§ **Provided information**:
* * * * * * * * *

lemma shock_with_bias:
  "\<exists>xk f q C. params_ok xk f \<and> 0 < q \<and> q \<le> 1 \<and> 0 < C \<and>
     (\<forall>eps > 0. \<forall>N. \<exists>n T x0. N \<le> n \<and>
        row_stochastic n T \<and> strongly_connected n T \<and> aperiodic n T \<and>
        society xk f n x0 \<and> mean_field eps n T x0 xk f \<and> wise C n T \<and>
        strongly_connected n (tstar n q x0 T) \<and>
        (\<exists>t > 0. prob_right_wins n (belief n (tstar n q x0 T) x0 t) = 1))"
proof (rule exI[of _ shock_level], rule exI[of _ shock_fraction], rule exI[of _ "13/20"],
    rule exI[of _ 1], intro conjI allI impI)
  fix eps :: real and N :: nat
  assume "0 < eps"
  define m where "m = N + nat \<lceil>1 / eps\<rceil> + 1"
  have "0 < m" and "N \<le> 20*m" by (simp_all add: m_def)
  have "1 / eps \<le> real (20*m) - 1"
    using real_nat_ceiling_ge[of "1 / eps"] unfolding m_def by simp
  then have "1 \<le> eps * (real (20*m) - 1)" using \<open>0 < eps\<close> by (simp add: field_simps)
  then show "\<exists>n T x0. N \<le> n \<and>
        row_stochastic n T \<and> strongly_connected n T \<and> aperiodic n T \<and>
        society shock_level shock_fraction n x0 \<and> mean_field eps n T x0 shock_level shock_fraction \<and>
        wise 1 n T \<and> strongly_connected n (tstar n (13/20) x0 T) \<and>
        (\<exists>t > 0. prob_right_wins n (belief n (tstar n (13/20) x0 T) x0 t) = 1)"
    using \<open>0 < m\<close> \<open>N \<le> 20*m\<close>
      row_stochastic_uniform_network strongly_connected_uniform_network aperiodic_uniform_network
      society_shock mean_field_uniform_network[OF params_ok_shock society_shock]
      wise_uniform_network strongly_connected_shock right_wins_shock
    by (intro exI[of _ "20*m"] exI[of _ "uniform_network (20*m)"] exI[of _ "shock_society m"] conjI
        exI[of _ 1]) simp_all
qed (use params_ok_shock in simp_all)

theorem proposition4:
  shows "(\<exists>xk f q C. params_ok xk f \<and> 0 < q \<and> q \<le> 1 \<and> 0 < C \<and>
           (\<forall>eps > 0. \<forall>N. \<exists>n T x0. N \<le> n \<and>
              row_stochastic n T \<and> strongly_connected n T \<and> aperiodic n T \<and>
              society xk f n x0 \<and> mean_field eps n T x0 xk f \<and> wise C n T \<and>
              strongly_connected n (tstar n q x0 T) \<and>
              (\<exists>t > 0. prob_right_wins n (belief n (tstar n q x0 T) x0 t) = 1)))
       \<and>
       (\<forall>xk f C. params_ok xk f \<longrightarrow> 0 < C \<longrightarrow>
           (\<exists>eps > 0. \<forall>n T x0.
              row_stochastic n T \<and> strongly_connected n T \<and> aperiodic n T \<and>
              society xk f n x0 \<and> mean_field eps n T x0 xk f \<and> wise C n T \<and>
              strongly_connected n (tstar n 0 x0 T)
              \<longrightarrow> (\<forall>t > 0. prob_right_wins n (belief n (tstar n 0 x0 T) x0 t) = 0)))"
  using shock_with_bias no_shock_without_bias by blast

end
(* Let $ABC$ be a triangle with incenter $I$ and circumcenter $O$, and let $P$ be a point on line $IO$. Let $A', B', C'$ be the feet of the perpendiculars from $P$ to $AI, BI, CI$ respectively. Then the Steiner line of $P$ with respect to triangle $A'B'C'$ is the Euler line of triangle $A'B'C'$.
   Context: The points $A', B', C'$ and $P$ lie on the circle with diameter $PI$, i.e. $P$ lies on the circumcircle of $A'B'C'$. For a point $X$ on the circumcircle of a triangle, the reflections of $X$ over the three sidelines are collinear; the line containing them is the Steiner line of $X$ with respect to the triangle. *)

theory Defs
  imports "HOL-Analysis.Analysis"
begin

definition incenter :: "complex \<Rightarrow> complex \<Rightarrow> complex \<Rightarrow> complex" where
  "incenter A B C =
     (dist B C *\<^sub>R A + dist C A *\<^sub>R B + dist A B *\<^sub>R C) /\<^sub>R (dist B C + dist C A + dist A B)"

definition circumcenter :: "complex \<Rightarrow> complex \<Rightarrow> complex \<Rightarrow> complex" where
  "circumcenter A B C = (THE Z. dist Z A = dist Z B \<and> dist Z B = dist Z C)"

definition centroid :: "complex \<Rightarrow> complex \<Rightarrow> complex \<Rightarrow> complex" where
  "centroid A B C = (A + B + C) / 3"

definition foot :: "complex \<Rightarrow> complex \<Rightarrow> complex \<Rightarrow> complex" where
  "foot P X Y = X + (((P - X) \<bullet> (Y - X)) / (norm (Y - X))\<^sup>2) *\<^sub>R (Y - X)"
lemma inside_opposite_cycle_split_by_path:
  assumes Q: "Q = {a, b, c, d}" and d_inside: "pos d \<in> inside (opposite_cycle d)"
  shows "inside (opposite_cycle d)
    = inside (opposite_cycle c) \<union> inside (four_cycle a b c d) \<union> ((S a d \<union> S d b) - {pos a, pos b})"
proof -
  have Q': "Q = {a, b, d, c}"
    using Q by auto
  note dist = labels_distinct[OF Q]
  have "pos d \<in> (S a d \<union> S d b) - {pos a, pos b}"
    using arc_joining_ends(2)[OF arc_joining_edge[of a d]] pos_neq[of d a] pos_neq[of d b] dist Q
    by auto
  with d_inside have "((S a d \<union> S d b) - {pos a, pos b}) \<inter> inside (S a b \<union> (S a c \<union> S c b)) \<noteq> {}"
    unfolding opposite_cycle_eq[OF Q] by blast
  from theta_curve_split_inside[OF theta_curve_at[OF Q] this] show ?thesis
    unfolding opposite_cycle_eq[OF Q] opposite_cycle_eq[OF Q'] by simp
qed

lemma inside_four_cycle_split:
  assumes Q: "Q = {a, b, c, d}" and "open_edge a b \<inter> inside (four_cycle a b c d) \<noteq> {}"
  shows "inside (four_cycle a b c d)
    = inside (opposite_cycle c) \<union> inside (opposite_cycle d) \<union> open_edge a b"
proof -
  have Q': "Q = {a, b, d, c}"
    using Q by auto
  from theta_curve_split_inside[OF theta_curve_permute(4)[OF theta_curve_at[OF Q]] assms(2)]
  show ?thesis
    unfolding opposite_cycle_eq[OF Q] opposite_cycle_eq[OF Q'] by (simp add: Un_commute Un_assoc)
qed
(* Let $\mu,\nu$ be finite measures on $\mathbb R$ with finite first moments such that $\mu\le_E\nu$. Define $\tilde P^\nu_\mu:\mathbb R\to\mathbb R$ by $\tilde P^\nu_\mu(k)=\min\{P_\nu(k),\,C_\nu(k)+(\mu(\mathbb R)k-\overline\mu)\}$. Then the counter-shadow $T^\nu(\mu)$ of $\mu$ in $\nu$ satisfies $P_{T^\nu(\mu)}=(\tilde P^\nu_\mu)^c$. In particular, $T^\nu(\mu)$ is the measure given by the second distributional derivative of $(\tilde P^\nu_\mu)^c$.
   Context: For a finite measure $\eta$ on $\mathbb R$ with finite first moment: $\overline\eta=\int x\,\eta(dx)$, $P_\eta(k)=\int(k-x)^+\eta(dx)$, $C_\eta(k)=\int(x-k)^+\eta(dx)$. For measures $\eta,\chi$: $\eta\le\chi$ means $\eta(A)\le\chi(A)$ for all Borel $A$; $\eta\le_{cx}\chi$ means $\int f\,d\eta\le\int f\,d\chi$ for all convex $f:\mathbb R\to\mathbb R$; $\eta\le_E\chi$ means $\int f\,d\eta\le\int f\,d\chi$ for all non-negative convex $f$. For $u:\mathbb R\to\mathbb R$, $u^c$ is the largest convex function below $u$. The counter-shadow $T^\nu(\mu)$ (for $\mu\le_E\nu$) is the measure, known to exist and be unique, such that $\mu\le_{cx}T^\nu(\mu)$, $T^\nu(\mu)\le\nu$, and every measure $\eta$ with $\mu\le_{cx}\eta\le\nu$ satisfies $\eta\le_{cx}T^\nu(\mu)$. *)

theory Defs
  imports "HOL-Probability.Probability"
begin

definition fin_meas1 :: "real measure \<Rightarrow> bool" where
  "fin_meas1 M \<longleftrightarrow> sets M = sets borel \<and> finite_measure M \<and> integrable M (\<lambda>x. x)"

definition bary :: "real measure \<Rightarrow> real" where
  "bary M = (\<integral>x. x \<partial>M)"

definition putf :: "real measure \<Rightarrow> real \<Rightarrow> real" where
  "putf M k = (\<integral>x. max (k - x) 0 \<partial>M)"

definition callf :: "real measure \<Rightarrow> real \<Rightarrow> real" where
  "callf M k = (\<integral>x. max (x - k) 0 \<partial>M)"

text \<open>Extended-real valued integral (positive part minus negative part); for convex
  f and a finite measure with finite first moment the negative part is finite.\<close>
definition ext_int :: "real measure \<Rightarrow> (real \<Rightarrow> real) \<Rightarrow> ereal" where
  "ext_int M f = enn2ereal (\<integral>\<^sup>+x. ennreal (f x) \<partial>M) - enn2ereal (\<integral>\<^sup>+x. ennreal (- f x) \<partial>M)"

* * * * * * * * *

§ **Exercise requirements**: Search the listing for the string "longrightarrow". Copy each line where it is found.

§ **Task solution**:
       (\<forall>xk f C. params_ok xk f \<longrightarrow> 0 < C \<longrightarrow>
              \<longrightarrow> (\<forall>t > 0. prob_right_wins n (belief n (tstar n 0 x0 T) x0 t) = 0)))"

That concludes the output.